DATASET START

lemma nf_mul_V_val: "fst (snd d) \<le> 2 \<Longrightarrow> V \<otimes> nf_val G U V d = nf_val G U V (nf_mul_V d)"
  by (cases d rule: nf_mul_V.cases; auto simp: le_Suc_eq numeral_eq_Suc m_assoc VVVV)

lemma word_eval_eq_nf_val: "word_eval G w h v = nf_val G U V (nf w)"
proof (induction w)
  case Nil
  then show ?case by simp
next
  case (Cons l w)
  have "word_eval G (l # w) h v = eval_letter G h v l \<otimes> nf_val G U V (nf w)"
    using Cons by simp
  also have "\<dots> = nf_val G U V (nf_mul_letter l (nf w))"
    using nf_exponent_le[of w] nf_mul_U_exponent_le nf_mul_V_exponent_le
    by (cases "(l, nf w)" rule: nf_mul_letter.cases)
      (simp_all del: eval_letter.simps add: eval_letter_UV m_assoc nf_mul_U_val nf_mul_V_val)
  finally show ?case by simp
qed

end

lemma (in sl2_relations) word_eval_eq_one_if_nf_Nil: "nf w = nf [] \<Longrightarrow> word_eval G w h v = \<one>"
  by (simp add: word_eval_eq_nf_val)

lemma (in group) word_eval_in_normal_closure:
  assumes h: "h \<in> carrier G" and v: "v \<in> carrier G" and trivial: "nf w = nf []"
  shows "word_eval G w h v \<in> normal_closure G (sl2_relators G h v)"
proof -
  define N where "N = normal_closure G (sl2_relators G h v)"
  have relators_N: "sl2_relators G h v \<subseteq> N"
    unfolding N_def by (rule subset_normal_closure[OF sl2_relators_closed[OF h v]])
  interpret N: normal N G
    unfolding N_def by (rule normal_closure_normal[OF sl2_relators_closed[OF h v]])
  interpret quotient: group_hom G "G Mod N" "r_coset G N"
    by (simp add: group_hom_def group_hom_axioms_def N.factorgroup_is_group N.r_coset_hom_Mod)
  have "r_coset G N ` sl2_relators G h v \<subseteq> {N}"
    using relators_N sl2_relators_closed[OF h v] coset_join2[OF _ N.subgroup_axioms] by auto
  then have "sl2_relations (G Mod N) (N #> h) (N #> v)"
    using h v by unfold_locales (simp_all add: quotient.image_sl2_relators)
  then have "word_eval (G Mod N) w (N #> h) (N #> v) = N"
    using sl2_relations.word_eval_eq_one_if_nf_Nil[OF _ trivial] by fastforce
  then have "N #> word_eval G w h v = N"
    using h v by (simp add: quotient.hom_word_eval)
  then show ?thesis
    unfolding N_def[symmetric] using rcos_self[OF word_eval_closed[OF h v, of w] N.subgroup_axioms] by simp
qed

DATASET END
DATASET START

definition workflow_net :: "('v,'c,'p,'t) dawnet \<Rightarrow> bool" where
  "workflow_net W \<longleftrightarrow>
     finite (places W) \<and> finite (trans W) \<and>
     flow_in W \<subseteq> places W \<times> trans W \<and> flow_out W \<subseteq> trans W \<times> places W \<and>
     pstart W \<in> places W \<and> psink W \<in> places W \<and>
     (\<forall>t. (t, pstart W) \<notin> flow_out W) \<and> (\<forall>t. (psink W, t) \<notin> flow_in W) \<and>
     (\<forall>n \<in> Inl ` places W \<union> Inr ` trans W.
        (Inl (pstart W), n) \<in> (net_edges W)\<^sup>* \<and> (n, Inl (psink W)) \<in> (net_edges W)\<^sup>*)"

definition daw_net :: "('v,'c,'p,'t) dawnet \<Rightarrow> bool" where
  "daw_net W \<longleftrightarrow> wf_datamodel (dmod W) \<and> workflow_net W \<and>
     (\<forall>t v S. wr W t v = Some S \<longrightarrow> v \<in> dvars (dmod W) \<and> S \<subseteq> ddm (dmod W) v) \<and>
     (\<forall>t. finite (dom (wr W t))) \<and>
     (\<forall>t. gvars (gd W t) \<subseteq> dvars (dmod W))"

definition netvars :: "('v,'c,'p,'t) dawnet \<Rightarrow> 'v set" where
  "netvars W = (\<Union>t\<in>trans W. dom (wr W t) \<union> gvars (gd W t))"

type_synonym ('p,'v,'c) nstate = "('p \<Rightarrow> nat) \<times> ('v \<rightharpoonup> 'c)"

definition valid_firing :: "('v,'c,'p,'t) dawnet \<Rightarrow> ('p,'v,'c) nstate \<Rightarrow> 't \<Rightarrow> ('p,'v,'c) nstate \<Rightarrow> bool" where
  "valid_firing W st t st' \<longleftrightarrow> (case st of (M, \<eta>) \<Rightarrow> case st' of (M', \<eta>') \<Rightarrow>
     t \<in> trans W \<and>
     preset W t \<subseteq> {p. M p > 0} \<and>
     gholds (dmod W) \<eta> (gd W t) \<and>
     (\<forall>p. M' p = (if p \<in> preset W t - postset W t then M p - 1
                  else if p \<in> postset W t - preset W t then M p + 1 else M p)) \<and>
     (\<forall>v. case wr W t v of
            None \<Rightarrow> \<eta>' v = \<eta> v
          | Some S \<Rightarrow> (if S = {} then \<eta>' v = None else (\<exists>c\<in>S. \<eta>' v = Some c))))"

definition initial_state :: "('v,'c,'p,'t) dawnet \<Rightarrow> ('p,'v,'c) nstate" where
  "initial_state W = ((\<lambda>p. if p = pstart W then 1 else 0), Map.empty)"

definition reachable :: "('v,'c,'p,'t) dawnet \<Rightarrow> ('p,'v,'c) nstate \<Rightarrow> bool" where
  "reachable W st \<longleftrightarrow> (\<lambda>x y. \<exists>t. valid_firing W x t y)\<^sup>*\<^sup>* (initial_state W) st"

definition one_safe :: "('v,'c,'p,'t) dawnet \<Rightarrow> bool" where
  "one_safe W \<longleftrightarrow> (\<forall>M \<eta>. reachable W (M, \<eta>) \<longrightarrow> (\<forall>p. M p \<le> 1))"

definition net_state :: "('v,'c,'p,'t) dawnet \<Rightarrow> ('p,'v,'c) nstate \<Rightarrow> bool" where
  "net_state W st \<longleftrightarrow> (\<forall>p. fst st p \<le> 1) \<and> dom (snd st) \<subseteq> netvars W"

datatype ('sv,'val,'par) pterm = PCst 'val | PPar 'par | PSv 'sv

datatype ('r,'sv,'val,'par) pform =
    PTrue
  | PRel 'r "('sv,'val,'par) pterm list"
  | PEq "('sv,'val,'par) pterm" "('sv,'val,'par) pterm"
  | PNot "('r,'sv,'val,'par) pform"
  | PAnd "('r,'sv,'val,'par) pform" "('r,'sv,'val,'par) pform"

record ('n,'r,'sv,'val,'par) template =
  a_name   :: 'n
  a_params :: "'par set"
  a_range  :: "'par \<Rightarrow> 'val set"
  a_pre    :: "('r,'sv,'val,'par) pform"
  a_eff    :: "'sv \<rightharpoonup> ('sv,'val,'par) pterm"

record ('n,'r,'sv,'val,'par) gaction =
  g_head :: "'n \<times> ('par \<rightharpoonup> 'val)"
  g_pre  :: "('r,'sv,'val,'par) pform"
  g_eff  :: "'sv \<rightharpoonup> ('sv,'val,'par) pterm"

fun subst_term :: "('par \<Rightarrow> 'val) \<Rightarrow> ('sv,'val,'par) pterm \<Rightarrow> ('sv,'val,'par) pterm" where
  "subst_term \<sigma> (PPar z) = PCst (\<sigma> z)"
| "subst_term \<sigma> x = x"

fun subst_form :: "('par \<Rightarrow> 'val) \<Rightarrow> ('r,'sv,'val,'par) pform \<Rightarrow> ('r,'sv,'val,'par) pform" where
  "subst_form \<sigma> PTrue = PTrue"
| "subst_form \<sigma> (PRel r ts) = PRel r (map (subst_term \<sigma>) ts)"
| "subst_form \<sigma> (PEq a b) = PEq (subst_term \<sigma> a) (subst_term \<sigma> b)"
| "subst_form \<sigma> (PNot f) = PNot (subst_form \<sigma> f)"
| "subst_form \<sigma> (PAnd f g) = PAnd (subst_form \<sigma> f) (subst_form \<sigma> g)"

DATASET END

TASK STATEMENT:
Filter the lines above, keeping each one that contains the string "postset".

ANSWER SECTION:
     (\<forall>p. M' p = (if p \<in> preset W t - postset W t then M p - 1
                  else if p \<in> postset W t - preset W t then M p + 1 else M p)) \<and>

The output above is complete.